##### Data under study #####

(* Let $0<r_i<r_o$, $0<h<H$, $n>0$, $p>0$, let $a_r$, $\boldsymbol\sigma^0$ and $c=3^{\frac{n-1}{2}}a_r|a_r|^{n-1}n^{-n}$ be as in the context, and let $\boldsymbol C(r)$ be the compliance matrix defined in the context. Let $\boldsymbol\sigma^-=(\sigma^-_r,\sigma^-_\theta,\sigma^-_z,\sigma^-_{rz})$ be a continuously differentiable axisymmetric stress field on $\Omega^-=[r_i,r_o]\times[0,h]$ and $\boldsymbol\sigma^+$ one on $\Omega^+=[r_i,r_o]\times[h,H]$, each satisfying the axisymmetric equilibrium equations on its domain, with $\sigma^\pm_r=\sigma^\pm_{rz}=0$ at $r=r_i$ and $r=r_o$, $\sigma^-_{rz}=0$ at $z=0$, and $\sigma^+_{rz}=0$ at $z=H$. Suppose there are continuously differentiable displacement fields $u^\pm=(u^\pm_r,u^\pm_z)$ on $\Omega^\pm$ such that the strains $$\varepsilon_r=\frac{\partial u_r}{\partial r},\ \varepsilon_\theta=\frac{u_r}{r},\ \varepsilon_z=\frac{\partial u_z}{\partial z},\ \varepsilon_{rz}=\frac12\Big(\frac{\partial u_r}{\partial z}+\frac{\partial u_z}{\partial r}\Big)$$ computed from $u^\pm$ satisfy $(\varepsilon_r,\varepsilon_\theta,\varepsilon_z,2\varepsilon_{rz})^T=\boldsymbol C(r)\,(\sigma^\pm_r,\sigma^\pm_\theta,\sigma^\pm_z,\sigma^\pm_{rz})^T$ on $\Omega^\pm$, with $u^-_z=0$ at $z=0$ and $u^+_z=0$ at $z=H$, and that at the interface $z=h$, for all $r\in[r_i,r_o]$, $$\sigma^+_{rz}=\sigma^-_{rz},\quad \sigma^+_z=\sigma^-_z,\quad u^+_z=u^-_z,\quad u^+_r-u^-_r=\frac{c}{r}.$$ Define $\boldsymbol\sigma^1=\boldsymbol\sigma^-$ on $\{z<h\}$ and $\boldsymbol\sigma^1=\boldsymbol\sigma^+$ on $\{z\ge h\}$. Then for every admissible virtual stress field $\delta\boldsymbol\sigma$, $$\int_{r_i}^{r_o}\!\!\int_0^H(\vec{\boldsymbol\sigma}^1)^T\boldsymbol C(r)\,\vec{\delta\boldsymbol\sigma}\;r\,dz\,dr=\int_{r_i}^{r_o}\!\!\int_0^h\dot{\boldsymbol\varepsilon}(\boldsymbol\sigma^0):\delta\boldsymbol\sigma\;r\,dz\,dr,$$ where $\vec{\boldsymbol\sigma}=(\sigma_r,\sigma_\theta,\sigma_z,\sigma_{rz})^T$; i.e. $\boldsymbol\sigma^1$ solves the first-order perturbation equation of the steady-state creep problem for the two-material pipe.
   Context: Setting: steady-state creep of a pressurized pipe occupying $r_i\le r\le r_o$, $0\le z\le H$, with Norton's law $\dot{\boldsymbol\varepsilon}=A\,\boldsymbol s\,(\sigma_{vM})^{n-1}$, $\boldsymbol s=\boldsymbol\sigma-\frac13\mathrm{tr}(\boldsymbol\sigma)\boldsymbol I$, $\sigma_{vM}=\sqrt{\frac32\boldsymbol s:\boldsymbol s}$, where $A=1$ for $z\ge h$ and $A=1-s$ for $z<h$; the first-order perturbation $\boldsymbol\sigma^1=\frac{d\boldsymbol\sigma(s)}{ds}|_{s=0}$ is characterized by the linear variational equation in the conclusion. Write $\dot{\boldsymbol\varepsilon}(\boldsymbol\sigma)=\boldsymbol s(\sigma_{vM})^{n-1}$ (the $A=1$ law). The unperturbed (homogeneous pipe, $s=0$) solution is $\sigma^0_r=a+a_r r^{-2/n}$, $\sigma^0_\theta=a+a_\theta r^{-2/n}$, $\sigma^0_z=a+a_z r^{-2/n}$, $\sigma^0_{rz}=0$ with $a=p\,r_i^{2/n}/(r_o^{2/n}-r_i^{2/n})$, $a_r=-p\,r_i^{2/n}r_o^{2/n}/(r_o^{2/n}-r_i^{2/n})$, $a_\theta=\frac{n-2}{n}a_r$, $a_z=\frac{n-1}{n}a_r$. Axisymmetric stress fields have components $\sigma_r,\sigma_\theta,\sigma_z,\sigma_{rz}$ depending on $(r,z)$; the axisymmetric equilibrium equations are $\partial_r\sigma_r+\frac1r(\sigma_r-\sigma_\theta)+\partial_z\sigma_{rz}=0$ and $\partial_r\sigma_{rz}+\frac1r\sigma_{rz}+\partial_z\sigma_z=0$. An admissible virtual stress field is a continuously differentiable axisymmetric field on $[r_i,r_o]\times[0,H]$ satisfying these equilibrium equations and $\sigma_r=\sigma_{rz}=0$ at $r=r_i,r_o$, $\sigma_{rz}=0$ at $z=0,H$. The compliance matrix $\boldsymbol C(r)$ is the $4\times4$ Jacobian $\partial\vec{\dot{\boldsymbol\varepsilon}}/\partial\vec{\boldsymbol\sigma}$ evaluated at $\boldsymbol\sigma^0(r)$, where $\vec{\dot{\boldsymbol\varepsilon}}=(\dot\varepsilon_r,\dot\varepsilon_\theta,\dot\varepsilon_z,2\dot\varepsilon_{rz})^T$ is regarded as a function of $\vec{\boldsymbol\sigma}=(\sigma_r,\sigma_\theta,\sigma_z,\sigma_{rz})^T$ via $\dot{\boldsymbol\varepsilon}(\boldsymbol\sigma)=\boldsymbol s(\sigma_{vM})^{n-1}$. Also $\boldsymbol\varepsilon:\boldsymbol\sigma=\varepsilon_r\sigma_r+\varepsilon_\theta\sigma_\theta+\varepsilon_z\sigma_z+2\varepsilon_{rz}\sigma_{rz}$. *)

theory Defs
  imports "HOL-Analysis.Analysis"
begin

#####

Problem to work on: Send back the complete listing, identical to the original in every line.

The answer:
(* Let $0<r_i<r_o$, $0<h<H$, $n>0$, $p>0$, let $a_r$, $\boldsymbol\sigma^0$ and $c=3^{\frac{n-1}{2}}a_r|a_r|^{n-1}n^{-n}$ be as in the context, and let $\boldsymbol C(r)$ be the compliance matrix defined in the context. Let $\boldsymbol\sigma^-=(\sigma^-_r,\sigma^-_\theta,\sigma^-_z,\sigma^-_{rz})$ be a continuously differentiable axisymmetric stress field on $\Omega^-=[r_i,r_o]\times[0,h]$ and $\boldsymbol\sigma^+$ one on $\Omega^+=[r_i,r_o]\times[h,H]$, each satisfying the axisymmetric equilibrium equations on its domain, with $\sigma^\pm_r=\sigma^\pm_{rz}=0$ at $r=r_i$ and $r=r_o$, $\sigma^-_{rz}=0$ at $z=0$, and $\sigma^+_{rz}=0$ at $z=H$. Suppose there are continuously differentiable displacement fields $u^\pm=(u^\pm_r,u^\pm_z)$ on $\Omega^\pm$ such that the strains $$\varepsilon_r=\frac{\partial u_r}{\partial r},\ \varepsilon_\theta=\frac{u_r}{r},\ \varepsilon_z=\frac{\partial u_z}{\partial z},\ \varepsilon_{rz}=\frac12\Big(\frac{\partial u_r}{\partial z}+\frac{\partial u_z}{\partial r}\Big)$$ computed from $u^\pm$ satisfy $(\varepsilon_r,\varepsilon_\theta,\varepsilon_z,2\varepsilon_{rz})^T=\boldsymbol C(r)\,(\sigma^\pm_r,\sigma^\pm_\theta,\sigma^\pm_z,\sigma^\pm_{rz})^T$ on $\Omega^\pm$, with $u^-_z=0$ at $z=0$ and $u^+_z=0$ at $z=H$, and that at the interface $z=h$, for all $r\in[r_i,r_o]$, $$\sigma^+_{rz}=\sigma^-_{rz},\quad \sigma^+_z=\sigma^-_z,\quad u^+_z=u^-_z,\quad u^+_r-u^-_r=\frac{c}{r}.$$ Define $\boldsymbol\sigma^1=\boldsymbol\sigma^-$ on $\{z<h\}$ and $\boldsymbol\sigma^1=\boldsymbol\sigma^+$ on $\{z\ge h\}$. Then for every admissible virtual stress field $\delta\boldsymbol\sigma$, $$\int_{r_i}^{r_o}\!\!\int_0^H(\vec{\boldsymbol\sigma}^1)^T\boldsymbol C(r)\,\vec{\delta\boldsymbol\sigma}\;r\,dz\,dr=\int_{r_i}^{r_o}\!\!\int_0^h\dot{\boldsymbol\varepsilon}(\boldsymbol\sigma^0):\delta\boldsymbol\sigma\;r\,dz\,dr,$$ where $\vec{\boldsymbol\sigma}=(\sigma_r,\sigma_\theta,\sigma_z,\sigma_{rz})^T$; i.e. $\boldsymbol\sigma^1$ solves the first-order perturbation equation of the steady-state creep problem for the two-material pipe.
   Context: Setting: steady-state creep of a pressurized pipe occupying $r_i\le r\le r_o$, $0\le z\le H$, with Norton's law $\dot{\boldsymbol\varepsilon}=A\,\boldsymbol s\,(\sigma_{vM})^{n-1}$, $\boldsymbol s=\boldsymbol\sigma-\frac13\mathrm{tr}(\boldsymbol\sigma)\boldsymbol I$, $\sigma_{vM}=\sqrt{\frac32\boldsymbol s:\boldsymbol s}$, where $A=1$ for $z\ge h$ and $A=1-s$ for $z<h$; the first-order perturbation $\boldsymbol\sigma^1=\frac{d\boldsymbol\sigma(s)}{ds}|_{s=0}$ is characterized by the linear variational equation in the conclusion. Write $\dot{\boldsymbol\varepsilon}(\boldsymbol\sigma)=\boldsymbol s(\sigma_{vM})^{n-1}$ (the $A=1$ law). The unperturbed (homogeneous pipe, $s=0$) solution is $\sigma^0_r=a+a_r r^{-2/n}$, $\sigma^0_\theta=a+a_\theta r^{-2/n}$, $\sigma^0_z=a+a_z r^{-2/n}$, $\sigma^0_{rz}=0$ with $a=p\,r_i^{2/n}/(r_o^{2/n}-r_i^{2/n})$, $a_r=-p\,r_i^{2/n}r_o^{2/n}/(r_o^{2/n}-r_i^{2/n})$, $a_\theta=\frac{n-2}{n}a_r$, $a_z=\frac{n-1}{n}a_r$. Axisymmetric stress fields have components $\sigma_r,\sigma_\theta,\sigma_z,\sigma_{rz}$ depending on $(r,z)$; the axisymmetric equilibrium equations are $\partial_r\sigma_r+\frac1r(\sigma_r-\sigma_\theta)+\partial_z\sigma_{rz}=0$ and $\partial_r\sigma_{rz}+\frac1r\sigma_{rz}+\partial_z\sigma_z=0$. An admissible virtual stress field is a continuously differentiable axisymmetric field on $[r_i,r_o]\times[0,H]$ satisfying these equilibrium equations and $\sigma_r=\sigma_{rz}=0$ at $r=r_i,r_o$, $\sigma_{rz}=0$ at $z=0,H$. The compliance matrix $\boldsymbol C(r)$ is the $4\times4$ Jacobian $\partial\vec{\dot{\boldsymbol\varepsilon}}/\partial\vec{\boldsymbol\sigma}$ evaluated at $\boldsymbol\sigma^0(r)$, where $\vec{\dot{\boldsymbol\varepsilon}}=(\dot\varepsilon_r,\dot\varepsilon_\theta,\dot\varepsilon_z,2\dot\varepsilon_{rz})^T$ is regarded as a function of $\vec{\boldsymbol\sigma}=(\sigma_r,\sigma_\theta,\sigma_z,\sigma_{rz})^T$ via $\dot{\boldsymbol\varepsilon}(\boldsymbol\sigma)=\boldsymbol s(\sigma_{vM})^{n-1}$. Also $\boldsymbol\varepsilon:\boldsymbol\sigma=\varepsilon_r\sigma_r+\varepsilon_\theta\sigma_\theta+\varepsilon_z\sigma_z+2\varepsilon_{rz}\sigma_{rz}$. *)

theory Defs
  imports "HOL-Analysis.Analysis"
begin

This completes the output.